Learn
Robots.txt Best Practices: Control Crawling Without Blocking SEO
Robots.txt controls crawling, not indexing. Learn how to use it without accidentally hiding important pages from search engines.
Run a fresh DomainLens audit and use the report as your priority list.
What robots.txt actually does
Robots.txt is a crawl-control file. It tells well-behaved crawlers which paths they are allowed to request, but it does not remove URLs from the search index by itself.
That distinction matters. A URL blocked in robots.txt can still be discovered through links and appear in search with limited information. Use noindex or redirects when the goal is index removal.
Safe rules to follow
- Keep the file available at /robots.txt and return a 200 response.
- Declare your XML sitemap so crawlers can discover canonical URLs faster.
- Block crawl traps, internal search pages, and endless parameter combinations.
- Do not block CSS, JavaScript, images, or rendered resources Google needs to evaluate the page.
Common mistakes
- Leaving Disallow: / from staging after launch.
- Blocking pages that should pass canonical or noindex signals.

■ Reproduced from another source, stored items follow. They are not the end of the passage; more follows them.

lemma eventually_upper_window_avg_le:
  assumes a: "0 < a" and e: "0 < e"
  shows "eventually (\<lambda>\<theta>. upper_window_avg I \<theta> \<le> upper_window_avg I a + ereal e) at_top"
proof -
  obtain r where r: "upper_window_avg I a = ereal r"
    using upper_window_avg_real[OF a] by blast
  define c where "c = r + e / 2"
  have "eventually (\<lambda>x. ereal ((1 / a) * I x a) < ereal c) at_top"
    using e r by (intro Limsup_lessD) (simp add: upper_window_avg_def c_def)
  then obtain x1 where x1: "\<And>x. x1 \<le> x \<Longrightarrow> (1 / a) * I x a < c"
    by (auto simp: eventually_at_top_linorder)
  define x0 where "x0 = max x1 0"
  have x0_nonneg: "0 \<le> x0"
    by (simp add: x0_def)
  have short: "I x a \<le> a * c" if "x0 \<le> x" for x
    using x1[of x] that a by (simp add: x0_def field_simps)
  have "upper_window_avg I \<theta> \<le> ereal (r + e)" if \<theta>: "max 1 (2 * a * (C + \<bar>c\<bar>) / e) \<le> \<theta>" for \<theta>
    unfolding upper_window_avg_def
  proof (rule Limsup_bounded)
    have small: "a * (C + \<bar>c\<bar>) / \<theta> \<le> e / 2"
      using \<theta> e by (simp add: field_simps)
    show "eventually (\<lambda>x. ereal ((1 / \<theta>) * I x \<theta>) \<le> ereal (r + e)) at_top"
      using eventually_ge_at_top[of x0]
    proof eventually_elim
      case (elim x)
      have "I x \<theta> \<le> \<theta> * c + a * (C + \<bar>c\<bar>)"
        by (rule window_le_of_short_windows[OF a short]) (use elim \<theta> in \<open>auto simp: x0_nonneg\<close>)
      then have "(1 / \<theta>) * I x \<theta> \<le> c + a * (C + \<bar>c\<bar>) / \<theta>"
        using \<theta> by (simp add: field_simps)
      then show ?case
        unfolding ereal_less_eq using small c_def by linarith
    qed
  qed
  then show ?thesis
    using r by (auto intro: eventually_at_top_linorderI[of "max 1 (2 * a * (C + \<bar>c\<bar>) / e)"])
qed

- Assuming robots.txt is a security feature for private URLs.
- Testing only the homepage and missing blocked templates deeper in the site.
How to validate changes
After editing robots.txt, run a fresh DomainLens audit and inspect important URLs in Google Search Console. Confirm that the rendered page, canonical target, sitemap, and robots rules agree.
For large sites, review server logs after deployment. A clean robots.txt file should reduce wasted crawling without hiding pages that need to rank.